Mais il faut agir. Donc peser, décider, trancher. Construire le monde qu’on a promis aux concitoyens : et là, on ne peut plus faire comme si les valeurs de gauche et de droite étaient inexistantes. Qu’est-ce qui, fondamentalement, détermine ces deux visions du monde ?
Il me semble qu’on est toujours de droite quand on agit en fonction d’un monde qu’on croit régi par des règles prédéterminées, et que l’action politique consiste à adapter le monde, la société, les groupes et les individus à ces règles. Selon les époques ou les individus, ces règles sont établies par Dieu, par l’Économie, par l’Autorité, par la Tradition, etc. Les économistes libéraux sont convaincus que le monde ne peut fonctionner qu’avec un Marché libre, marché libre qui serait une loi naturelle. Les conservateurs croient en une société spontanément hiérarchisée. L’extrême-droite se voue à un passé fantasmatique et idéalisé. Pour tous ces gens, une société heureuse dépend de nos capacités à ne pas porter atteinte à ces lois. Ils ont en horreur la reprise en main par la société de son destin : pour la pensée de droite, le libre-arbitre ne peut exister que dans des bulles circonscrites à quelques gestes, quelques variations sur un thème donné. Le monde est ce qu’il est, et les malheurs proviennent de ceux qui veulent en changer artificiellement les règles. Chacun a sa place assigné par un Ordre éternel. L’individu de droite est toujours déçu, car il doit constater que l’équilibre naturel auquel il croit n’advient jamais, et il fait reposer la faute sur tel ou tel groupe qui devient souvent un bouc-émissaire.

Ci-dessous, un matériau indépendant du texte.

(* Let $0<T\le\infty$, $\Delta=(0,T]$, let $\zeta_1,\zeta_2,\dots$ be i.i.d. non-negative random variables with distribution $G\in\mathcal S_\Delta$, $S_n=\zeta_1+\cdots+\zeta_n$, and for $x\ge0$ let $\eta(x)=\min\{n\ge1:S_n>x\}$ and $\chi(x)=S_{\eta(x)}-x$. Let $\tau$ be a non-negative integer-valued random variable independent of $\{\zeta_n\}$ with $\mathbf E(1+\delta)^\tau<\infty$ for some $\delta>0$. Then $$\mathbf P(\chi(x)\in y+\Delta,\ \eta(x)\le\tau)\sim\mathbf E\tau\cdot G(x+y+\Delta)\quad\text{as }\min(x,y)\to\infty.$$
   Context: $x+\Delta=(x,x+T]$. $G\in\mathcal L_\Delta$ means $G(x+\Delta)>0$ for all large $x$ and $G(x+t+\Delta)/G(x+\Delta)\to1$ as $x\to\infty$ uniformly in $t\in[0,1]$. A distribution $G$ on $[0,\infty)$ with unbounded support is in $\mathcal S_\Delta$ if $G\in\mathcal L_\Delta$ and $(G*G)(x+\Delta)\sim2G(x+\Delta)$ as $x\to\infty$. $a\sim b$ means $a/b\to1$. *)

theory Defs
  imports "HOL-Probability.Probability"
begin

definition shift_int :: "real \<Rightarrow> ereal \<Rightarrow> real set" where
  "shift_int x T = {r. x < r \<and> ereal r \<le> ereal x + T}"

definition L_Delta :: "ereal \<Rightarrow> real measure \<Rightarrow> bool" where
  "L_Delta T G \<longleftrightarrow>
     eventually (\<lambda>x. measure G (shift_int x T) > 0) at_top \<and>
     (\<forall>e>0. eventually (\<lambda>x. \<forall>t\<in>{0..1}.
        \<bar>measure G (shift_int (x + t) T) / measure G (shift_int x T) - 1\<bar> < e) at_top)"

Être de gauche, c’est refuser ces destins dessinés par la droite et penser qu’il est toujours possible de reprendre la main. C’est comprendre que les récits d’un monde naturellement équilibré (celui de la droite) ne sont écrits que par des individus qui justifient et maintiennent ainsi leur pouvoir. C’est énoncer des mondes possibles et travailler à leurs réalisations autant que faire se peut. C’est insérer la liberté individuelle dans un processus plus large d'émancipation collective, car c’est avoir conscience que sa propre liberté dépend de celle des autres, et donc que l’égalité est un bien indispensable à cette liberté. Qu’enfin l’égalité ne peut se réaliser que dans des gestes et des engagements de solidarité – de fraternité. Le monde est toujours un à-reconstruire car l’esprit de gauche a conscience que la liberté, l’égalité, la fraternité ne sont pas des données naturelles mais des acquis historiques et politiques toujours fragiles face aux réflexes égoïstes dus aux peurs paniques, aux souffrances, aux incompréhensions. L’individu de gauche est toujours déçu car son idéal est de l’ordre de l’horizon et, fatigué, les renoncements le guettent incessamment.
La vie politique surgit de la rencontre combative de ces deux déceptions, celle de droite et celle de gauche, et la démocratie prendra fin quand leurs agents - tous les citoyens motivés par leurs visions du monde plus ou moins divergentes – auront perdu l’énergie pour entretenir ces confrontations. En renonçant à faire de la gauche et de la droite une grille de lecture reconnue de tous, c’est peut-être fin de la démocratie que nous préparons.